(RECORDS FOR THIS EXERCISE begins)

lemma commutator_subst_commute:
  assumes G: "group G" and \<phi>: "\<phi> \<in> hom F2 G" and \<psi>: "\<psi> \<in> hom F2 G"
    and center: "\<And>u v. u \<in> carrier F2 \<Longrightarrow> v \<in> carrier F2 \<Longrightarrow> commutator G (\<phi> u) (\<psi> v) \<in> center G"
    and x: "x \<in> carrier F2" and y: "y \<in> carrier F2"
  shows "\<phi> (commutator_subst x) \<otimes>\<^bsub>G\<^esub> \<psi> (commutator_subst y) = \<psi> (commutator_subst y) \<otimes>\<^bsub>G\<^esub> \<phi> (commutator_subst x)"
proof -
  have cs: "commutator_subst \<in> hom F2 F2"
    using commutator_subst_mon by (simp add: mon_def)
  have letters: "\<phi> [a] \<in> carrier G" "\<psi> [a] \<in> carrier G" for a
    using \<phi> \<psi> by (auto intro: hom_in_carrier)
  have "(\<phi> \<circ> commutator_subst) x \<otimes>\<^bsub>G\<^esub> (\<psi> \<circ> commutator_subst) y
      = (\<psi> \<circ> commutator_subst) y \<otimes>\<^bsub>G\<^esub> (\<phi> \<circ> commutator_subst) x"
  proof (rule F2_homs_commute[OF G hom_compose[OF cs \<phi>] hom_compose[OF cs \<psi>] _ x y])
    fix s t
    show "(\<phi> \<circ> commutator_subst) (F2_gen s) \<otimes>\<^bsub>G\<^esub> (\<psi> \<circ> commutator_subst) (F2_gen t)
      = (\<psi> \<circ> commutator_subst) (F2_gen t) \<otimes>\<^bsub>G\<^esub> (\<phi> \<circ> commutator_subst) (F2_gen s)"
      unfolding comp_apply commutator_subst_gen[OF G \<phi>] commutator_subst_gen[OF G \<psi>]
      by (rule group.commutators_commute_of_center[OF G letters(1) letters(1) letters(2) letters(2)])
         (auto intro: center)
  qed
  then show ?thesis
    by simp
qed

lemma central_ext_commutator_center:
  assumes "short_exact N G Q i p" "central_ext N G i" "x \<in> carrier G" "y \<in> carrier G"
    and "p x \<otimes>\<^bsub>Q\<^esub> p y = p y \<otimes>\<^bsub>Q\<^esub> p x"
  shows "commutator G x y \<in> center G"
proof -
  from assms(1) have "group G" "group Q" "p \<in> hom G Q" and ker: "i ` carrier N = kernel G Q p"
    by (auto simp: short_exact_def)
  then interpret group_hom G Q p
    by (simp add: group_hom_def group_hom_axioms_def)
  have "p (commutator G x y) = \<one>\<^bsub>Q\<^esub>"
    using assms(3-5) by (simp add: hom_commutator H.commutator_eq_one_iff)
  then have "commutator G x y \<in> i ` carrier N"
    using assms(3,4) unfolding ker by (simp add: kernel_def)
  then show ?thesis
    using assms(2,3,4) by (auto simp: central_ext_def centralizer_def)
qed

lemma F2_power_embeds_of_commuting_lifts:
  assumes G: "group G" and Q: "group Q" and p: "p \<in> hom G Q" and h: "h \<in> mon (F2_power n) Q"
    and \<psi>: "\<And>j. j < n \<Longrightarrow> \<psi> j \<in> hom F2 G"
    and commute: "\<And>j k x y. j < n \<Longrightarrow> k < n \<Longrightarrow> j \<noteq> k \<Longrightarrow> x \<in> carrier F2 \<Longrightarrow> y \<in> carrier F2
      \<Longrightarrow> \<psi> j x \<otimes>\<^bsub>G\<^esub> \<psi> k y = \<psi> k y \<otimes>\<^bsub>G\<^esub> \<psi> j x"
    and lift: "\<And>j x. j < n \<Longrightarrow> x \<in> carrier F2 \<Longrightarrow> p (\<psi> j x) = h (single_coord {..<n} (\<lambda>_. F2) j x)"
  shows "F2_power_embeds n G"
proof -
  interpret P: group "F2_power n"
    by (rule group_F2_power)
  interpret p: group_hom G Q p
    using G Q p by (simp add: group_hom_def group_hom_axioms_def)
  interpret h: group_hom "F2_power n" Q h
    using h Q by (simp add: group_hom_def group_hom_axioms_def mon_def)
  define \<Phi> where "\<Phi> = coord_prod G [0..<n] \<psi>"
  have "\<Phi> \<in> hom (F2_power n) G"
    unfolding \<Phi>_def using group.coord_prod_hom[OF G, of "[0..<n]" \<psi> "\<lambda>_. F2"] \<psi> commute
    by (simp add: atLeast0LessThan)
  moreover have "p (\<Phi> x) = h x" if x: "x \<in> carrier (F2_power n)" for x
  proof -
    have x_j: "x j \<in> carrier F2" if "j < n" for j
      using x that by auto
    have "p (\<Phi> x) = coord_prod Q [0..<n] (\<lambda>j a. p (\<psi> j a)) x"
      unfolding \<Phi>_def using x_j \<psi> by (intro p.hom_coord_prod) (auto intro: hom_in_carrier)
    also have "\<dots> = coord_prod Q [0..<n] (\<lambda>j a. h (single_coord {..<n} (\<lambda>_. F2) j a)) x"
      using x_j lift by (intro coord_prod_cong) auto
    also have "\<dots> = h (coord_prod (F2_power n) [0..<n] (single_coord {..<n} (\<lambda>_. F2)) x)"
      using x_j single_coord_closed[of "{..<n}" "\<lambda>_. F2"] group_F2
      by (intro h.hom_coord_prod[symmetric]) auto
    also have "\<dots> = h x"
      using coord_prod_single_coord[of "[0..<n]" "\<lambda>_. F2" x] x group_F2 by (simp add: atLeast0LessThan)
    finally show ?thesis .
  qed
  then have "inj_on (p \<circ> \<Phi>) (carrier (F2_power n))"
    using h inj_on_cong[of "carrier (F2_power n)" "p \<circ> \<Phi>" h] by (simp add: mon_def)
  then have "inj_on \<Phi> (carrier (F2_power n))"
    by (rule inj_on_imageI2)
  ultimately show ?thesis
    unfolding F2_power_embeds_def by blast
qed

lemma F2_power_factor_lifts:
  assumes "group G" "group Q" "p \<in> hom G Q" "p ` carrier G = carrier Q" "h \<in> hom (F2_power n) Q"
  shows "\<exists>\<phi>. \<forall>j<n. \<phi> j \<in> hom F2 G \<and> (\<forall>x\<in>carrier F2. p (\<phi> j x) = h (single_coord {..<n} (\<lambda>_. F2) j x))"
proof -
  have "\<exists>\<phi>\<in>hom F2 G. \<forall>x\<in>carrier F2. p (\<phi> x) = (h \<circ> single_coord {..<n} (\<lambda>_. F2) j) x" if "j < n" for j
    using single_coord_hom[of "{..<n}" "\<lambda>_. F2" j] that group_F2
    by (intro F2_hom_lift[OF assms(1-4)] hom_compose[OF _ assms(5)]) auto
  then show ?thesis
    by (metis comp_apply)
qed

(RECORDS FOR THIS EXERCISE ends)

■ TASK INSTRUCTIONS
Working from the records above, write out verbatim only the lines from the line containing "(p \<circ> \<Phi>)" through the line containing "G = carrier".

■ ANSWER FOR THE TASK
  then have "inj_on (p \<circ> \<Phi>) (carrier (F2_power n))"
    using h inj_on_cong[of "carrier (F2_power n)" "p \<circ> \<Phi>" h] by (simp add: mon_def)
  then have "inj_on \<Phi> (carrier (F2_power n))"
    by (rule inj_on_imageI2)
  ultimately show ?thesis
    unfolding F2_power_embeds_def by blast
qed

lemma F2_power_factor_lifts:
  assumes "group G" "group Q" "p \<in> hom G Q" "p ` carrier G = carrier Q" "h \<in> hom (F2_power n) Q"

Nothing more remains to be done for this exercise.